By Alistair Smout and Andrew MacAskill
LONDON (Reuters) – The United States and Britain will announce a deal to lower tariffs on some goods on Thursday, the first such agreement since U.S. President Donald Trump sparked a global trade war with universal levies.
In posts on Truth Social, Trump said he would hold an Oval Office news conference at 10 a.m. EDT (1400 GMT) on Thursday about a “full and comprehensive” trade agreement with Britain.
Prime Minister Keir Starmer, who describes the U.S. as an indispensable ally, is due to provide an update later on Thursday. The deal is likely to be narrow, with Britain securing lower tariffs on cars and steel, the two sectors hardest hit.
“Because of our long time history and allegiance together, it is a great honor to have the United Kingdom as our FIRST announcement,” Trump said. “Many other deals, which are in serious stages of negotiation, to follow!”
The United States has been under pressure from investors to strike deals to de-escalate its tariff war after Trump’s often chaotic policymaking upended global trade with friends and foe alike, threatening to stoke inflation and start a recession.
Top U.S. officials have engaged in a flurry of meetings with trading partners since the president on April 2 imposed a 10% tariff on most countries, along with higher tariff rates for many trading partners that were then suspended for 90 days.
The U.S. has also imposed 25% tariffs on autos, steel and aluminium, 25% tariffs on Canada and Mexico, and 145% tariffs on China. U.S. and Chinese officials are due to hold talks in Switzerland on Saturday.
Starmer, who has struggled in government since he was elected last July with his centre-left Labour Party, has struck up a warm relationship with Trump and his government will celebrate becoming the first country to agree a deal.
Britain’s car industry exports luxury brands to the U.S. and the 25% tariffs had hit the industry hard. Jaguar Land Rover paused shipments of its cars to the U.S. for a month while it considered how to mitigate the impact. Shares in Aston Martin, which said it would split the cost of tariffs with its customers and limit shipments to the U.S., rose 8% on Thursday.
NARROW SCOPE
A British official had said that the scope of any agreement was likely to be narrow, with Britain expected to secure lower tariffs on a tranche of steel and autos exports.
In return, Britain is likely to agree to lower its own tariffs on U.S. cars and cut a digital sales tax that affects U.S. tech giants.
It had refused to lower its food standards, which are closely aligned with the European Union, however Britain’s farming trade union has said that some U.S. producers do meet British standards by not using growth hormones or antimicrobial washes, and could be given greater market access.
Starmer’s government has been walking a tightrope on trade, seeking as an independent country after Brexit to build new ties with the U.S., China and the EU without moving so far towards one bloc that it angers the others.

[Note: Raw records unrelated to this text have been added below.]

(* Let $\vec r:\mathbb{Z}\to\mathbb{R}^2$ be a nondegenerate discrete planar curve whose first and second centroaffine curvatures $\kappa_n,\bar\kappa_n$ are $6$-periodic in $n$. Then $\vec r$ is a convex hexagon with parallel and equi-length opposite sides (i.e. $\vec r$ is closed with period $6$, simple, convex, and $\vec t_{k+3}=-\vec t_k$ for all $k$) if and only if for all $n$ $$\kappa_n>0,\qquad \kappa_n=\kappa_{n+3}=\frac{1}{\bar\kappa_{n+1}}=\frac{1}{\bar\kappa_{n+4}},\qquad \kappa_n\kappa_{n+1}\kappa_{n+2}=1.$$
   Context: A discrete planar curve is a map $\vec r:\mathbb{Z}\to\mathbb{R}^2$; $\vec r_k=\vec r(k)$, $\vec t_k=\vec r_{k+1}-\vec r_k$, $[\vec a,\vec b]$ the $2\times2$ determinant. Nondegenerate: $[\vec t_{k-1},\vec t_k]\ne0$ for all $k$. First and second centroaffine curvatures: $\kappa_k=\frac{[\vec t_k,\vec t_{k+1}]}{[\vec t_{k-1},\vec t_k]}$, $\bar\kappa_k=\frac{[\vec t_{k-1},\vec t_{k+1}]}{[\vec t_{k-1},\vec t_k]}$. Closed with period $q$: $\vec r(k+q)=\vec r(k)$ for all $k$, $q$ minimal. Extend $\vec r$ to $\mathbb{R}$ by linear interpolation on each $[k,k+1]$; a closed curve is simple if this map is injective on $[k,k+q)$. Convex: for each line through $\vec r_k,\vec r_{k+1}$, all vertices lie in one closed half-plane bounded by it. *)

theory Defs
  imports "HOL-Analysis.Analysis"
begin

type_synonym curve = "int \<Rightarrow> real \<times> real"

definition det2 :: "real \<times> real \<Rightarrow> real \<times> real \<Rightarrow> real" where
  "det2 a b = fst a * snd b - snd a * fst b"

There are also political threats on the domestic front.
Polling shows the government remains deeply unpopular after it cut support for pensioner’s energy bills and hiked taxes on households and companies, making any move to cut taxes on multi-national tech companies a big risk.
POLITICAL RISK
Britain’s digital service tax, levied at 2% of UK revenue for online marketplaces, search engines and social media platforms, was introduced in 2020 in response to an outcry about tax avoidance by big tech.

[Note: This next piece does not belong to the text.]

(* Fix $\tilde r^2>0$, $\tilde\sigma^2>0$ (an observational family) and $\gamma\in(0,\infty)$. Then the optimal causal regularization $\lambda_C(\gamma)$ depends on the causal model only through its confounding strength $\zeta$. With $$\rho(\gamma,\mathrm{SNR}_{\rm stat})=-\mathrm{SNR}_{\rm stat}^{-1}\frac{\gamma\max\{1,\gamma\}}{(1-\gamma)^2}$$ (interpreted as $-\infty$ when $\gamma=1$), the following hold: - if $\zeta\le\rho(\gamma,\mathrm{SNR}_{\rm stat})$, then $\lambda_C=0$; - if $\rho(\gamma,\mathrm{SNR}_{\rm stat})<\zeta<1$, then $\lambda_C\in(0,\infty)$ and $\lambda_C$ is a differentiable function of $\zeta$ with $\partial_\zeta\lambda_C(\gamma)>0$; - if $\zeta\ge1$, then $\lambda_C=\infty$.
   Context: Setting: isotropic linear causal models $z\sim\mathcal N(0,I_l)$, $\varepsilon\sim\mathcal N(0,\sigma^2)$, $x=Mz$ with $MM^T=I_d$, and $y=x^T\beta+z^T\alpha+\varepsilon$. Write $\Gamma=M\alpha$, $\tilde\beta=\beta+\Gamma$ and $\tilde\sigma^2=\sigma^2+\|\alpha\|^2-\|\Gamma\|^2$. Asymptotically the model is summarized by constants $\|\beta\|^2=r^2$, $\|\Gamma\|^2=\omega^2$, $\langle\Gamma,\beta\rangle=\eta$ and $\tilde\sigma^2$, with $\tilde r^2=r^2+\omega^2+2\eta$. Observational family: models entailing the same observational distribution share $\tilde r^2$ and $\tilde\sigma^2$, while $(\omega^2,\eta)$ vary. Derived quantities: confounding strength $\zeta=(\omega^2+\eta)/\tilde r^2$ and $\mathrm{SNR}_{\rm stat}=\tilde r^2/\tilde\sigma^2$. Limiting causal risk of ridge regression with parameter $\lambda>0$ at ratio $\gamma=\lim d/n$: $$\mathcal R_\lambda(\gamma)=\omega^2+\tilde r^2\lambda^2m'(-\lambda)-2(\omega^2+\eta)\lambda m(-\lambda)+\tilde\sigma^2\gamma\big(m(-\lambda)-\lambda m'(-\lambda)\big)+\tilde\sigma^2+\omega^2,$$ where $m(z)=\frac{(1-\gamma-z)-\sqrt{(1-\gamma-z)^2-4\gamma z}}{2\gamma z}$ and $m'$ is its derivative. Optimal causal regularization: $\lambda_C(\gamma)=\arg\inf_{\lambda\in(0,\infty)}\mathcal R_\lambda(\gamma)$. By convention $\lambda_C=0$ if the infimum is attained only as $\lambda\to0^+$, and $\lambda_C=\infty$ if it is attained only as $\lambda\to\infty$. *)

theory Defs
  imports "HOL-Analysis.Analysis"
begin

It was expected to raise about 800 million pounds ($1.1 billion) this year, with more than 90% coming from five big tech firms, according to a 2023 report by lawmakers.

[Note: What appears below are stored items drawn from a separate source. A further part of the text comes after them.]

text \<open>Such an L is a subgradient of the norm at x, so it bounds the difference quotients from
  below for t > 0 and from above for t < 0.\<close>
lemma gateaux_norm_eq_norming_functional:
  fixes x :: "'b::real_normed_vector" and L :: "'b \<Rightarrow> real"
  assumes "smooth_space TYPE('b)" "x \<noteq> 0"
    and L: "linear L" "\<And>z. L z \<le> norm z" "L x = norm x"
  shows "gateaux_norm x h = L h"
proof -
  have lim_right: "(norm_dq x h \<longlongrightarrow> gateaux_norm x h) (at_right 0)"
    and lim_left: "(norm_dq x h \<longlongrightarrow> gateaux_norm x h) (at_left 0)"
    using gateaux_norm_tendsto[OF assms(1,2)] filterlim_at_split by blast+
  have subgradient: "t * L h \<le> norm (x + t *\<^sub>R h) - norm x" for t
    using L(2)[of "x + t *\<^sub>R h"] L(1,3) by (simp add: linear_add linear_scale)
  have "\<forall>\<^sub>F t in at_right 0. L h \<le> norm_dq x h t"
    using eventually_at_right_less
  proof eventually_elim
    case (elim t)
    then show ?case
      using subgradient[of t] unfolding norm_dq_def by (simp add: pos_le_divide_eq mult.commute)
  qed
  then have "L h \<le> gateaux_norm x h"
    by (rule tendsto_lowerbound[OF lim_right]) simp
  have "\<forall>\<^sub>F t in at_left 0. t \<in> {- 1<..<0::real}"
    by (rule eventually_at_left_real) simp
  then have "\<forall>\<^sub>F t in at_left 0. norm_dq x h t \<le> L h"
  proof eventually_elim
    case (elim t)
    then have "t < 0" by simp
    then show ?case
      using subgradient[of t] unfolding norm_dq_def by (simp add: neg_divide_le_eq mult.commute)
  qed
  then have "gateaux_norm x h \<le> L h"
    by (rule tendsto_upperbound[OF lim_left]) simp
  with \<open>L h \<le> gateaux_norm x h\<close> show ?thesis by simp
qed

The status of the 10% “baseline” tariff imposed by Trump on most countries including Britain, or any threatened tariffs on the pharmaceutical industry, was unclear.
Parliament has said that Britain exported 7.2 billion pounds ($9.6 billion) worth of medicinal and pharmaceutical products to the U.S. in the year to September 2024, the second largest sector behind cars.
Economists and one FTSE 100 chief executive said the immediate impact of a tariff deal was likely to be limited for Britain but that trade agreements in general – it struck a free trade agreement with India earlier this week – would help to produce growth in the long run.
“The American, Indian and other deals we can do will be really important to the long-term economic health of the UK but don’t expect them to result in overnight euphoria,” the CEO said, speaking on the condition of anonymity.
JPMorgan economist Allan Monks said the upside would be limited if the 10% tariff stayed in place.
“With the UK having broadly balanced goods trade with the U.S., a reasonably good political relationship, no real threat of retaliation from Westminster and extensive bilateral negotiations having taken place, it is not clear where the UK can go from here,” he said.